**Information**
(* $2^6\rightarrow 167\rightrightarrows 19$: there is an injective isotone map $\varphi:\mathbf 2^6\to F_4^-$ such that $\{\varphi(x)[p_1:=e]: x\in\mathbf 2^6,\ e\in\{0,1\}\}\supseteq F_3^-$. In particular there is an injective isotone map from $\mathbf 2^6$ into $F_4$.
   Context: $F_k$ is the set of monotone Boolean functions of $k$ variables $p_1,\dots,p_k$ (including constants $0,1$), ordered pointwise; $F_k^-=F_k\setminus\{0\}$. For $g\in F_k$ and $e\in\{0,1\}$, $g[p_1:=e]$ is the function of $p_2,\dots,p_k$ obtained by substituting $e$ for $p_1$. $\mathbf 2^i$ is $\{0,1\}^i$ with the coordinatewise order; isotone means order-preserving. Notation: $2^i\rightarrow|F_j^-|\rightrightarrows|F_{j-1}^-|$ means there is an injective isotone $\varphi:\mathbf 2^i\to F_j^-$ such that every element of $F_{j-1}^-$ equals $\varphi(x)[p_1:=e]$ for some $x$, $e$. Here $|F_3^-|=19$, $|F_4^-|=167$. *)

theory Defs
  imports Main
begin

text \<open>Boolean functions of k variables p_1,...,p_k are represented as predicates on
bool lists; an assignment is a list of length k whose i-th entry (0-based) is the
value of p_(i+1). To make the representation canonical, the function is False on
lists of any other length.\<close>

definition cube :: "nat \<Rightarrow> bool list set" where
  "cube k = {xs. length xs = k}"

definition cube_le :: "bool list \<Rightarrow> bool list \<Rightarrow> bool" where
  "cube_le xs ys \<longleftrightarrow> list_all2 (\<le>) xs ys"

definition F :: "nat \<Rightarrow> (bool list \<Rightarrow> bool) set" where
  "F k = {f. (\<forall>xs. length xs \<noteq> k \<longrightarrow> \<not> f xs) \<and>
             (\<forall>xs\<in>cube k. \<forall>ys\<in>cube k. cube_le xs ys \<longrightarrow> f xs \<longrightarrow> f ys)}"

definition Fminus :: "nat \<Rightarrow> (bool list \<Rightarrow> bool) set" where
  "Fminus k = F k - {\<lambda>_. False}"

text \<open>g[p_1 := e]: a function of the remaining variables p_2,...,p_k.\<close>
definition subst1 :: "(bool list \<Rightarrow> bool) \<Rightarrow> bool \<Rightarrow> (bool list \<Rightarrow> bool)" where
  "subst1 g e = (\<lambda>ys. g (e # ys))"

definition isotone_on_cube :: "nat \<Rightarrow> (bool list \<Rightarrow> 'b::ord) \<Rightarrow> bool" where
  "isotone_on_cube i \<phi> \<longleftrightarrow>
     (\<forall>x\<in>cube i. \<forall>y\<in>cube i. cube_le x y \<longrightarrow> \<phi> x \<le> \<phi> y)"

text \<open>2^i \<rightarrow> |F_j^-| \<rightrightarrows> |F_(j-1)^-|\<close>
definition arrows :: "nat \<Rightarrow> nat \<Rightarrow> bool" where
  "arrows i j \<longleftrightarrow> (\<exists>\<phi>. inj_on \<phi> (cube i) \<and> isotone_on_cube i \<phi> \<and>
       \<phi> ` cube i \<subseteq> Fminus j \<and>
       (\<forall>g\<in>Fminus (j - 1). \<exists>x\<in>cube i. \<exists>e. g = subst1 (\<phi> x) e))"

end

theory Submission
  imports Defs
begin

text \<open>The map \<open>\<phi> = edge_code\<close> lets bit \<open>k\<close> of \<open>x \<in> 2\<^sup>6\<close> switch on the \<open>k\<close>-th of the six
conjunctions \<open>p\<^sub>i p\<^sub>j\<close>, so it is injective and isotone. Setting \<open>p\<^sub>1 := 1\<close> turns the three
conjunctions containing \<open>p\<^sub>1\<close> into the single variables \<open>p\<^sub>2, p\<^sub>3, p\<^sub>4\<close> and leaves the other
three as pairs; together with \<open>p\<^sub>2 p\<^sub>3 p\<^sub>4\<close>, coming from \<open>p\<^sub>1 p\<^sub>2 p\<^sub>3 p\<^sub>4\<close>, these restrictions
give every nonzero monotone function of three variables vanishing at \<open>000\<close>: let \<open>x\<close> mark its
minimal true points. The remaining function, the constant \<open>1\<close>, is the image of the top
element \<open>111111\<close>, which \<open>\<phi>\<close> sends to the constant \<open>1\<close>.\<close>

definition edge_code :: "bool list \<Rightarrow> bool list \<Rightarrow> bool" where
  "edge_code x ys \<longleftrightarrow> length ys = 4 \<and>
     ((x!0 \<and> x!1 \<and> x!2 \<and> x!3 \<and> x!4 \<and> x!5) \<or> (ys!0 \<and> ys!1 \<and> ys!2 \<and> ys!3)
      \<or> (x!0 \<and> ys!0 \<and> ys!1) \<or> (x!1 \<and> ys!0 \<and> ys!2) \<or> (x!2 \<and> ys!0 \<and> ys!3)
      \<or> (x!3 \<and> ys!1 \<and> ys!2) \<or> (x!4 \<and> ys!1 \<and> ys!3) \<or> (x!5 \<and> ys!2 \<and> ys!3))"

lemma cube_le_iff_nth:
  assumes "length xs = n" "length ys = n"
  shows "cube_le xs ys \<longleftrightarrow> (\<forall>i<n. xs!i \<longrightarrow> ys!i)"
  using assms by (auto simp: cube_le_def list_all2_conv_all_nth le_bool_def)

lemma cube_le_refl: "cube_le xs xs"
  by (simp add: cube_le_def list.rel_refl)

lemma edge_code_mono:
  assumes "cube_le x x'" "length x = 6" "cube_le ys ys'" "edge_code x ys"
  shows "edge_code x' ys'"
proof -
  have "length ys = 4" using \<open>edge_code x ys\<close> by (simp add: edge_code_def)
  moreover have "length x' = 6" "length ys' = length ys"
    using assms(1-3) by (auto simp: cube_le_def list_all2_lengthD)
  ultimately have "\<forall>i<6. x!i \<longrightarrow> x'!i" "\<forall>i<4. ys!i \<longrightarrow> ys'!i"
    using assms(1,3) cube_le_iff_nth[of x 6 x'] cube_le_iff_nth[of ys 4 ys'] assms(2) by simp_all
  then have "x!0 \<longrightarrow> x'!0" "x!1 \<longrightarrow> x'!1" "x!2 \<longrightarrow> x'!2" "x!3 \<longrightarrow> x'!3"
      "x!4 \<longrightarrow> x'!4" "x!5 \<longrightarrow> x'!5"
      "ys!0 \<longrightarrow> ys'!0" "ys!1 \<longrightarrow> ys'!1" "ys!2 \<longrightarrow> ys'!2" "ys!3 \<longrightarrow> ys'!3"
    by simp_all
  with \<open>edge_code x ys\<close> \<open>length ys' = length ys\<close> show ?thesis
    unfolding edge_code_def by (elim conjE disjE) simp_all
qed

lemma edge_code_in_Fminus:
  assumes "length x = 6"
  shows "edge_code x \<in> Fminus 4"
proof -
  have "edge_code x \<in> F 4"
    unfolding F_def
  proof (intro CollectI conjI allI ballI impI)
    fix ys ys' assume "cube_le ys ys'" "edge_code x ys"
    then show "edge_code x ys'" using edge_code_mono[OF cube_le_refl assms] by blast
  qed (simp add: edge_code_def)
  moreover have "edge_code x [True, True, True, True]" by (simp add: edge_code_def)
  ultimately show ?thesis by (auto simp: Fminus_def)
qed

lemma isotone_edge_code: "isotone_on_cube 6 edge_code"
  unfolding isotone_on_cube_def le_fun_def le_bool_def cube_def
  using edge_code_mono[OF _ _ cube_le_refl] by blast

lemma inj_on_edge_code: "inj_on edge_code (cube 6)"
proof (rule inj_onI)
  fix x y assume "x \<in> cube 6" "y \<in> cube 6" and eq: "edge_code x = edge_code y"
  have bits:
    "edge_code z [True, True, False, False] = z!0" "edge_code z [True, False, True, False] = z!1"
    "edge_code z [True, False, False, True] = z!2" "edge_code z [False, True, True, False] = z!3"
    "edge_code z [False, True, False, True] = z!4" "edge_code z [False, False, True, True] = z!5"
    for z by (auto simp: edge_code_def)
  have "x!0 = y!0" "x!1 = y!1" "x!2 = y!2" "x!3 = y!3" "x!4 = y!4" "x!5 = y!5"
    using bits[of x] bits[of y] eq by simp_all
  with \<open>x \<in> cube 6\<close> \<open>y \<in> cube 6\<close> show "x = y"
    by (auto simp: cube_def numeral_eq_Suc less_Suc_eq intro!: nth_equalityI)
qed

lemma F_3_mono:
  assumes "g \<in> F 3" "g [a, b, c]" "a \<longrightarrow> a'" "b \<longrightarrow> b'" "c \<longrightarrow> c'"
  shows "g [a', b', c']"
proof -
  have "cube_le [a, b, c] [a', b', c']" using assms(3-5) by (auto simp: cube_le_def)
  then show ?thesis using assms(1,2) by (auto simp: F_def cube_def)
qed

lemma F_3_eqI:
  assumes "g \<in> F 3" "\<And>ys. length ys \<noteq> 3 \<Longrightarrow> \<not> h ys" "\<And>u v w. g [u, v, w] = h [u, v, w]"
  shows "g = h"
proof
  fix ys show "g ys = h ys"
  proof (cases "length ys = 3")
    case True
    then obtain u v w where "ys = [u, v, w]" by (auto simp: numeral_3_eq_3 length_Suc_conv)
    then show ?thesis using assms(3) by simp
  qed (use assms(1,2) in \<open>auto simp: F_def\<close>)
qed

lemma Fminus_3_top:
  assumes "g \<in> Fminus 3"
  shows "g [True, True, True]"
proof (rule ccontr)
  assume "\<not> g [True, True, True]"
  then have "g = (\<lambda>_. False)"
    using assms F_3_mono[of g _ _ _ True True True] by (intro F_3_eqI) (auto simp: Fminus_def)
  then show False using assms by (simp add: Fminus_def)
qed

lemma subst1_edge_code_True:
  "subst1 (edge_code x) True [u, v, w] \<longleftrightarrow>
     (x!0 \<and> x!1 \<and> x!2 \<and> x!3 \<and> x!4 \<and> x!5) \<or> (u \<and> v \<and> w)
     \<or> (x!0 \<and> u) \<or> (x!1 \<and> v) \<or> (x!2 \<and> w) \<or> (x!3 \<and> u \<and> v) \<or> (x!4 \<and> u \<and> w) \<or> (x!5 \<and> v \<and> w)"
  by (simp add: subst1_def edge_code_def)

lemma Fminus_3_restriction_edge_code:
  assumes "g \<in> Fminus 3"
  shows "\<exists>x\<in>cube 6. g = subst1 (edge_code x) True"
proof -
  have g: "g \<in> F 3" using assms by (simp add: Fminus_def)
  have off: "\<not> subst1 (edge_code x) True ys" if "length ys \<noteq> 3" for x ys
    using that by (simp add: subst1_def edge_code_def)
  show ?thesis
  proof (cases "g [False, False, False]")
    case True
    let ?x = "replicate 6 True"
    have "g = subst1 (edge_code ?x) True"
      using g off True F_3_mono[OF g True]
      by (intro F_3_eqI) (auto simp: subst1_edge_code_True numeral_eq_Suc)
    then show ?thesis by (intro bexI[of _ ?x]) (auto simp: cube_def)
  next
    case False
    define a b c where "a = g [True, False, False]" "b = g [False, True, False]" "c = g [False, False, True]"
    define d e f where "d = g [True, True, False]" "e = g [True, False, True]" "f = g [False, True, True]"
    \<comment> \<open>A pair is kept only if it is a minimal true point, so \<open>?x\<close> is never all-ones.\<close>
    let ?x = "[a, b, c, d \<and> \<not> a \<and> \<not> b, e \<and> \<not> a \<and> \<not> c, f \<and> \<not> b \<and> \<not> c]"
    have "a \<longrightarrow> d" "a \<longrightarrow> e" "b \<longrightarrow> d" "b \<longrightarrow> f" "c \<longrightarrow> e" "c \<longrightarrow> f"
      unfolding a_b_c_def d_e_f_def using F_3_mono[OF g] by blast+
    moreover have "g [True, True, True]" using assms Fminus_3_top by blast
    ultimately have "g [u, v, w] = subst1 (edge_code ?x) True [u, v, w]" for u v w
      using False unfolding subst1_edge_code_True a_b_c_def d_e_f_def
      by (cases u; cases v; cases w) auto
    then have "g = subst1 (edge_code ?x) True"
      using g off by (intro F_3_eqI)
    then show ?thesis by (intro bexI[of _ ?x]) (auto simp: cube_def)
  qed
qed

theorem mainTheorem10:
  shows "arrows 6 4 \<and>
    (\<exists>\<phi>. inj_on \<phi> (cube 6) \<and> isotone_on_cube 6 \<phi> \<and> \<phi> ` cube 6 \<subseteq> F 4)"
proof -
  have image: "edge_code ` cube 6 \<subseteq> Fminus 4"
    using edge_code_in_Fminus by (auto simp: cube_def)
  moreover have "\<forall>g\<in>Fminus 3. \<exists>x\<in>cube 6. \<exists>e. g = subst1 (edge_code x) e"
    using Fminus_3_restriction_edge_code by blast
  ultimately have "arrows 6 4"
    unfolding arrows_def using inj_on_edge_code isotone_edge_code by (intro exI[of _ edge_code]) simp
  moreover have "edge_code ` cube 6 \<subseteq> F 4"
    using image by (auto simp: Fminus_def)
  ultimately show ?thesis
    using inj_on_edge_code isotone_edge_code by blast
qed

end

**What to produce**
Give the count of lines in the listing above that include "element", with no other words.

**Response to this exercise**
2